About

an archive of my motor racing pictures and stories

words and photographs © Dale Kistemaker 1982-85, 2011-17


Dale Kistemaker: Did you know any other drivers that took photographs?

Phil Hill: “I just thought it was normal for a person doing something out of the ordinary to want to record it visually.”

Interview with Phil Hill 1983: “Passion and Precision” page 67

I’ve been fascinated with cars since I was a small child and in adolescence Road & Track magazine exposed me to international Grand Prix and Sports Car Racing.  The drivers of the time like Stirling Moss, Jim Clark, Graham Hill, Phil Hill and Dan Gurney became my heroes and Monaco, Spa-Francorchamps, and Le Mans were a glimpse of an exciting world of possibilities.

The plot twists and turns through the years until the Spring of 1982 when I bought a limited photography pass for the Long Beach Grand Prix. The sights, sounds, and smells of racing rekindled my youthful Grand Prix fervor.  In a moment of inspiration I suggested an exhibition on the history of Grand Prix photography to Kent Smith, curator at the Long Beach Museum of Art.  He immediately recognized the potential and the Museum quickly approved the idea. By the Fall of 1982 I was at the Caesar’s Palace Grand Prix interviewing people in Formula One and receiving extraordinarily positive responses.  With initial funding by the Long Beach Foundation I went to Europe in 1983 to explore photographic archives, meet more photographers and racing people and photograph at three more Grands Prix.  I found photographic treasures and collected a wealth of information.  The Detroit Institute of Arts became the second venue and with the help of the Ford Motor Company a 119 page catalog was published. The exhibition “Passion and Precision: The Photographer and Grand Prix Racing 1894-1984.” was a great success. “Passion and Precision” changed my life.  I met an extraordinary group of individuals and wrote on page 63 of the catalog:  “Not everyone gets to meet the heroes of their youth.  Rarer still is to find that these men are more than you ever expected: Human and real and still very much heroes.”
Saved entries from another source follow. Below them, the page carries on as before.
(* Let $n\geqslant k$ and suppose the minimum of $F(S)=\vol\left(\mathop{\rm co}\{\pm v_1,\ldots,\pm v_n\}\right)$ over $S=(v_1,\dots,v_n)\in\Omega(n,k)$ is attained at $S=(v_1,\ldots,v_n)$. Then: (1) every vector $v_i$, $i\in[n]$, is a vertex of $\mathop{\rm co}\{\pm v_1,\ldots,\pm v_n\}$; (2) $|v_j|\leqslant\sqrt2\,|v_i|$ for all $i,j\in[n]$; (3) at most $\lfloor n/k\rfloor+1$ vectors of $S$ are collinear.
   Context: An $(n,k)$-uframe is an ordered $n$-tuple $(v_1,\dots,v_n)$ of vectors in $\mathbb{R}^k$ spanning $\mathbb{R}^k$ with $\sum_{i=1}^n v_iv_i^T=I_k$; $\Omega(n,k)$ is the set of all of them. $\vol$ is $k$-dimensional volume, $|\cdot|$ the Euclidean norm. *)

theory Defs
  imports "HOL-Analysis.Analysis"
begin

definition uframe :: "nat \<Rightarrow> (nat \<Rightarrow> real^'k) \<Rightarrow> bool" where
  "uframe n v \<longleftrightarrow> span (v ` {..<n}) = UNIV \<and>
     (\<Sum>i<n. (\<chi> a b. (v i) $ a * (v i) $ b)) = (mat 1 :: real^'k^'k)"

definition frame_vol :: "nat \<Rightarrow> (nat \<Rightarrow> real^'k) \<Rightarrow> real" where
  "frame_vol n v = measure lebesgue (convex hull (v ` {..<n} \<union> uminus ` v ` {..<n}))"

end

(*
  If v minimises the volume, replace v i by an arbitrary point y of the polytope
  P = conv {+-v 1, ..., +-v n}.  The new tuple has frame operator I - v_i v_i^T + y y^T,
  whose determinant is D(y) = (1 - |v_i|^2)(1 + |y|^2) + (v_i . y)^2.  Renormalising it to a
  unit frame by a square root of this operator multiplies the volume by 1/sqrt D(y), while the
  new polytope lies inside P; minimality therefore forces D(y) <= 1 on P.
  (1) D is strictly convex and D(v_i) = 1, so v_i cannot lie inside a segment of P
      (if |v_i| = 1 use |y| <= 1 on P instead).
  (2) Take y = v_j.
  (3) Summing D(v_l) <= 1 over l gives |v_i|^2 >= k / (n + k - 1), whereas by the Parseval
      identity the squared lengths of frame vectors on a common line sum to at most 1.
*)
theory Submission
  imports Defs
begin

section \<open>Volume of linear images\<close>

lemma measure_shear_cbox:
  fixes a b :: "real^'n"
  assumes "m \<noteq> n"
  shows "measure lebesgue ((\<lambda>x. \<chi> i. if i = m then x $ m + x $ n else x $ i) ` cbox a b)
    = measure lebesgue (cbox a b)"
proof (cases "cbox a b = {}")
  case False
  let ?h = "\<lambda>x :: real^'n. \<chi> i. if i = m then x $ m + x $ n else x $ i"
  have box: "cbox a b = (+) a ` cbox 0 (b - a)"
    by (metis add.right_neutral cbox_translation diff_add_cancel add.commute)
  then have "?h ` cbox a b = (+) (?h a) ` ?h ` cbox 0 (b - a)"
    by (auto simp: image_image vec_eq_iff)
  then have "measure lebesgue (?h ` cbox a b) = measure lebesgue (?h ` cbox 0 (b - a))"
    by (simp add: measure_translation)
  also have "\<dots> = measure lebesgue (cbox 0 (b - a))"
    using False box assms by (intro measure_shear_interval) auto
  finally show ?thesis
    by (simp add: box measure_translation)
qed simp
After the exhibition I went back to europe in 1984-85 to photograph more races with pictures published by Road & Track and later Paul Oxman. Since then I’ve shown racing images in exhibitions and created a multiple slide projector/audio piece “Drive.”  Five years ago I began working through my Kodachromes and discovered a window into an extraordinary period of racing as well and a great personal adventure.  Poetics of Speed  is the online record of my “out of the ordinary” pictures and stories.